(* Let $M=p_i^{n_i}p_j^{n_j}p_k^{n_k}$ with distinct primes and $n_i,n_j,n_k\in\mathbb{N}$, let $A\oplus B=\mathbb{Z}_M$ with $\Phi_M(X)\mid A(X)$, assume $A$ is fibered on $D$-grids where $D=M/(p_ip_jp_k)$, and let $\Lambda=\Lambda(z_0,D)$ for some $z_0\in\mathbb{Z}_M$. (i) If there exists $a\in\Sigma_A(\Lambda)\cap\mathcal{I}\cap\mathcal{J}\cap\mathcal{K}$ with $\kappa(a)=i$, then $\kappa(a')=i$ for all $a'\in\Sigma_A(\Lambda)$; in particular $\Sigma_A(\Lambda)\subset\mathcal{I}$. (ii) If $\Sigma_A(\Lambda)\cap\mathcal{I}\cap\mathcal{J}\cap\mathcal{K}=\emptyset$, then there is $S\subset\{i,j,k\}$ with $|S|\le2$ such that $\kappa(a)\in S$ for all $a\in\Sigma_A(\Lambda)$; in particular $\Sigma_A(\Lambda)$ is contained in the union of two of the sets $\mathcal{I},\mathcal{J},\mathcal{K}$. (iii) Assume $\Sigma_A(\Lambda)\cap\mathcal{I}\cap\mathcal{J}\cap\mathcal{K}=\emptyset$ and that (after permuting the indices $i,j,k$ if necessary) $\kappa(a)\in\{i,j\}$ for all $a\in\Sigma_A(\Lambda)$. Let $z_\nu=z_0+\nu M/p_k$ for $\nu=0,1,\dots,p_k-1$. Then for each $\nu$ there is $\lambda(\nu)\in\{i,j\}$ such that $\kappa(a)=\lambda(\nu)$ for all $a\in\Sigma_A(z_\nu*F_i*F_j)$.
   Context: $A\oplus B=\mathbb{Z}_M$ means every element of $\mathbb{Z}_M$ is uniquely $a+b$, $a\in A$, $b\in B$; $A(X)=\sum_{a\in A}X^a$ ($A$ in $\{0,\dots,M-1\}$), $\Phi_M$ the $M$-th cyclotomic polynomial. For $d\mid M$, $\Lambda(x,d)=\{x'\in\mathbb{Z}_M:d\mid x-x'\}$. For $\nu\in\{i,j,k\}$, $F_\nu=\{0,M/p_\nu,\dots,(p_\nu-1)M/p_\nu\}$; $x*Y=\{x+y:y\in Y\}$ and $X*Y=\{x+y:x\in X,y\in Y\}$. A set $Y$ is fibered in the $p_\nu$ direction if it is a union of sets $y*F_\nu$, $y\in Y$. "$A$ is fibered on $D$-grids" means for every $a\in A$, $A\cap\Lambda(a,D)$ is fibered in some direction $p_\nu$. The function $\kappa:A\to\{i,j,k\}$: for each $D$-grid $\Lambda(x,D)$ meeting $A$, fix one direction $\nu(x)$ in which $A\cap\Lambda(x,D)$ is fibered (chosen arbitrarily if several) and set $\kappa(a)=\nu(x)$ for $a\in A\cap\Lambda(x,D)$. $\mathcal{I}=\{a\in A:a*F_i\subset A\}$, $\mathcal{J},\mathcal{K}$ analogously with $F_j,F_k$. For $Z\subset\mathbb{Z}_M$, $\Sigma_A(Z)=\{a\in A:a+b\in Z\text{ for some }b\in B\}$. *)

theory Defs
  imports Complex_Main "HOL-Computational_Algebra.Polynomial"
begin

datatype dir = Di | Dj | Dk

text \<open>Elements of Z_M are represented by naturals in {0..<M}; all sums are taken mod M.\<close>

definition direct_sum_Z :: "nat \<Rightarrow> nat set \<Rightarrow> nat set \<Rightarrow> bool" where
  "direct_sum_Z M A B \<longleftrightarrow> A \<subseteq> {..<M} \<and> B \<subseteq> {..<M} \<and>
     (\<forall>x<M. \<exists>!ab. fst ab \<in> A \<and> snd ab \<in> B \<and> (fst ab + snd ab) mod M = x)"

definition mask_poly :: "nat set \<Rightarrow> int poly" where
  "mask_poly A = (\<Sum>a\<in>A. monom 1 a)"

> [Brief] Your task is to restate, word for word, the line with "datatype dir = Di | Dj | Dk" and all lines after it, ending with the last line of the data.

> [Answer box]
datatype dir = Di | Dj | Dk

text \<open>Elements of Z_M are represented by naturals in {0..<M}; all sums are taken mod M.\<close>

definition direct_sum_Z :: "nat \<Rightarrow> nat set \<Rightarrow> nat set \<Rightarrow> bool" where
  "direct_sum_Z M A B \<longleftrightarrow> A \<subseteq> {..<M} \<and> B \<subseteq> {..<M} \<and>
     (\<forall>x<M. \<exists>!ab. fst ab \<in> A \<and> snd ab \<in> B \<and> (fst ab + snd ab) mod M = x)"

definition mask_poly :: "nat set \<Rightarrow> int poly" where
  "mask_poly A = (\<Sum>a\<in>A. monom 1 a)"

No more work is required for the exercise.